Bruce Ellison v. American Board of Orthopaedic
11 F.4th 200
3rd Cir.2021Background:
- Ellison is an orthopedic surgeon in California who wants to practice at specified hospitals in northern New Jersey that generally require ABMS board certification for staff privileges.
- He sought ABOS (the ABMS member board for orthopedics) certification, passed the first exam step, but ABOS barred him from taking the second step until he had hospital privileges.
- Ellison has not applied for staff privileges at the New Jersey hospitals, nor alleged he obtained a New Jersey medical license or other concrete steps to practice there; he asserted applying would be futile and potentially reputationally harmful via the NPDB.
- He sued ABOS alleging an antitrust violation under Section 1 of the Sherman Act (theories: illegal agreement between ABOS/ABMS and AHA/hospitals; and an unlawful tying arrangement), seeking damages and an injunction to finish certification.
- The District Court dismissed the second amended complaint with prejudice for failure to state a claim (12(b)(6)), finding the antitrust theories implausible, and declined to address standing or personal jurisdiction.
- The Third Circuit held the district court lacked subject-matter jurisdiction because Ellison lacked Article III standing (no concrete, particularized, imminent injury or sufficiently pleaded ability and readiness to apply); it vacated the dismissal with prejudice and remanded with instructions to dismiss without prejudice for lack of standing (12(b)(1)).
Issues:
| Issue | Plaintiff's Argument | Defendant's Argument | Held |
|---|---|---|---|
| Article III standing — injury in fact ("able and ready" to apply) | Ellison says ABOS's refusal to let him finish certification prevents him from getting hospital privileges and employment in NJ, so he need not apply because it would be futile. | ABOS contends Ellison has not taken concrete steps toward practicing in NJ (no application, no NJ license), so any injury is speculative. | Court: No standing. Plaintiff failed to plead he was "able and ready" to apply; injury was conjectural/imminent.
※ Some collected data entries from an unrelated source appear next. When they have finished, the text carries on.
(* Let $k\ge 1$ and let $\mathscr{G}_k$ be a simple $\upsilon$-reduction grammar; let $\Phi_k$ denote the set of regular productions of $\mathscr{G}_k$ with left-hand side $G_k$. Then the generating function $G_k(z)$, whose coefficient $[z^n]G_k(z)$ is the number of $\lambda\upsilon$-terms of size $n$ which $\upsilon$-normalise in exactly $k$ normal-order reduction steps, admits the closed form $$G_k(z) = \frac{1}{1 - z - 2 z L_\infty(z)} \sum_{G_k \to \gamma \in \Phi_k} G_\gamma(z),$$ where for each such $\gamma$ $$G_\gamma(z) = z^{\zeta(\gamma)}\, T(z)^{\tau(\gamma)}\, S(z)^{\sigma(\gamma)}\, N(z)^{\nu(\gamma)} \prod_{0\le i<k} G_i(z)^{\rho_i(\gamma)}$$ for some non-negative integers $\zeta(\gamma),\tau(\gamma),\sigma(\gamma),\nu(\gamma),\rho_i(\gamma)$ depending on $\gamma$.
   Context: $\lambda\upsilon$-terms (de Bruijn notation) are generated by: terms $t ::= \underline{n} \mid \lambda t \mid t\,t \mid t[s]$; substitutions $s ::= t/ \mid \Uparrow(s) \mid\ \uparrow$; indices $\underline{n} ::= \underline{0} \mid \mathtt{S}\,\underline{n}$. Pure terms are those without closures $\cdot[\cdot]$. The $\upsilon$-rewriting rules are: $(a b)[s] \to a[s](b[s])$; $(\lambda a)[s] \to \lambda(a[\Uparrow(s)])$; $\underline{0}[a/] \to a$; $(\mathtt{S}\,\underline{n})[a/] \to \underline{n}$; $\underline{0}[\Uparrow(s)] \to \underline{0}$; $(\mathtt{S}\,\underline{n})[\Uparrow(s)] \to \underline{n}[s][\uparrow]$; $\underline{n}[\uparrow] \to \mathtt{S}\,\underline{n}$. A term normalises in $k$ steps if leftmost-outermost $\upsilon$-reduction reaches a $\upsilon$-normal form in exactly $k$ steps. Size: $|\underline{n}| = n+1$, $|\lambda a| = 1+|a|$, $|ab| = 1+|a|+|b|$, $|a[s]| = 1+|a|+|s|$, $|a/| = 1+|a|$, $|\Uparrow(s)| = 1+|s|$, $|\uparrow| = 1$. Generating functions (by size): $T(z)$ of all $\lambda\upsilon$-terms, $S(z)$ of substitutions, $N(z)$ of indices, $L_\infty(z)$ of pure terms (equivalently, terms normalising in $0$ steps), and $G_i(z)$ of terms normalising in exactly $i$ steps. Regular tree grammars over the ranked alphabet $\mathscr{F}$ of $\lambda\upsilon$ symbols (application, closure binary; $\lambda$, $\cdot/$, $\Uparrow$, $\mathtt{S}$ unary; $\uparrow,\underline{0}$ constants): productions $X\to\alpha$ with $\alpha$ a term over $\mathscr{F}$ with non-terminals as variables; $L(\alpha)$ is the set of derivable ground terms; a non-terminal is unambiguous if each ground term has at most one derivation from it; a production $X\to\alpha$ is self-referencing if $X$ occurs in $\alpha$, regular otherwise. $\Lambda$ is the grammar with productions $T \to N \mid \lambda T \mid T T \mid T[S]$, $S \to T/ \mid \Uparrow(S) \mid \uparrow$, $N \to \underline{0} \mid \mathtt{S} N$. A $\upsilon$-reduction grammar $\mathscr{G}_k$ has axiom $G_k$, non-terminals $\{T,S,N,G_0,\dots,G_k\}$, contains all productions of $\Lambda$, each $G_j$ ($0\le j\le k$) is unambiguous and $L(G_j)$ is the set of terms normalising in exactly $j$ steps. It is simple if its self-referencing productions are productions of $\Lambda$ or of the form $G_j \to \lambda G_j \mid G_0 G_j \mid G_j G_0$, and each regular production $G_j\to\alpha$ has $\alpha$ using only non-terminals among $T,S,N,G_0,\dots,G_{j-1}$. *)

theory Defs
  imports "HOL-Computational_Algebra.Formal_Power_Series"
begin

text \<open>Terms over the ranked alphabet F with variables of type 'v:
  application, closure (binary); lambda, slash (a/), lift (double up-arrow), successor S (unary);
  shift (up-arrow), zero (constants).  Ground terms are those without FV.\<close>

datatype 'v ftree =
    FV 'v
  | FApp "'v ftree" "'v ftree"
  | FClos "'v ftree" "'v ftree"
  | FLam "'v ftree"
  | FSlash "'v ftree"
  | FLift "'v ftree"
  | FS "'v ftree"
  | FShift
  | FZero

datatype nt = NT | NS | NN | NG nat

primrec fsize :: "'v ftree \<Rightarrow> nat" where
  "fsize (FV v) = 0"
| "fsize (FApp a b) = 1 + fsize a + fsize b"
| "fsize (FClos a s) = 1 + fsize a + fsize s"
| "fsize (FLam a) = 1 + fsize a"
| "fsize (FSlash a) = 1 + fsize a"
| "fsize (FLift s) = 1 + fsize s"
| "fsize (FS n) = 1 + fsize n"
| "fsize FShift = 1"
| "fsize FZero = 1"

primrec fjoin :: "'a ftree ftree \<Rightarrow> 'a ftree" where
  "fjoin (FV t) = t"
| "fjoin (FApp a b) = FApp (fjoin a) (fjoin b)"
| "fjoin (FClos a s) = FClos (fjoin a) (fjoin s)"
| "fjoin (FLam a) = FLam (fjoin a)"
| "fjoin (FSlash a) = FSlash (fjoin a)"
| "fjoin (FLift s) = FLift (fjoin s)"
| "fjoin (FS n) = FS (fjoin n)"
| "fjoin FShift = FShift"
| "fjoin FZero = FZero"

text \<open>A derivation tree: the non-terminal X, the production right-hand side alpha used,
  and alpha with each non-terminal occurrence replaced by a derivation for it.\<close>
datatype drv = Drv nt "nt ftree" "drv ftree"

primrec dnt :: "drv \<Rightarrow> nt" where
  "dnt (Drv X \<alpha> \<beta>) = X"

primrec yld :: "drv \<Rightarrow> nt ftree" where
  "yld (Drv X \<alpha> \<beta>) = fjoin (map_ftree yld \<beta>)"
Case dismissed under 12(b)(1) (without prejudice). |
| Futility exception to application requirement | Ellison contends applying would be futile because hospital bylaws require board certification and rejection would harm his reputation. | ABOS disputes automatic NPDB entry and argues allegations of futility do not substitute for concrete steps toward practice. | Court: Even assuming futility, futility alone insufficient; plaintiff must still plead concrete steps or indicia of immediate intent. |
| Reaching merits despite jurisdictional defects | Ellison seeks relief on antitrust merits (tying/illegal agreement); District Court resolved merits. | ABOS moved to dismiss on jurisdictional grounds among others. | Court: Federal court must resolve jurisdiction before merits. Because Ellison lacks standing, appellate court vacated merits dismissal and ordered dismissal for lack of subject-matter jurisdiction. |
| Antitrust merits (illegal agreement / tying) | ABOS/ABMS and AHA hospitals formed an agreement making certification and privileges mutually dependent; tying secures ABOS monopoly power. | ABOS argued allegations were conclusory; hospitals may independently require certification; ABOS receives no direct economic benefit from hospital privileges. | Court: Did not decide merits on appeal due to lack of jurisdiction; District Court previously found claims implausible but that decision was vacated as courts cannot reach merits absent standing. |
Key Cases Cited
- Sinochem Int’l Co. v. Malay. Int’l Shipping Corp., 549 U.S. 422 (federal courts should decide jurisdiction before merits)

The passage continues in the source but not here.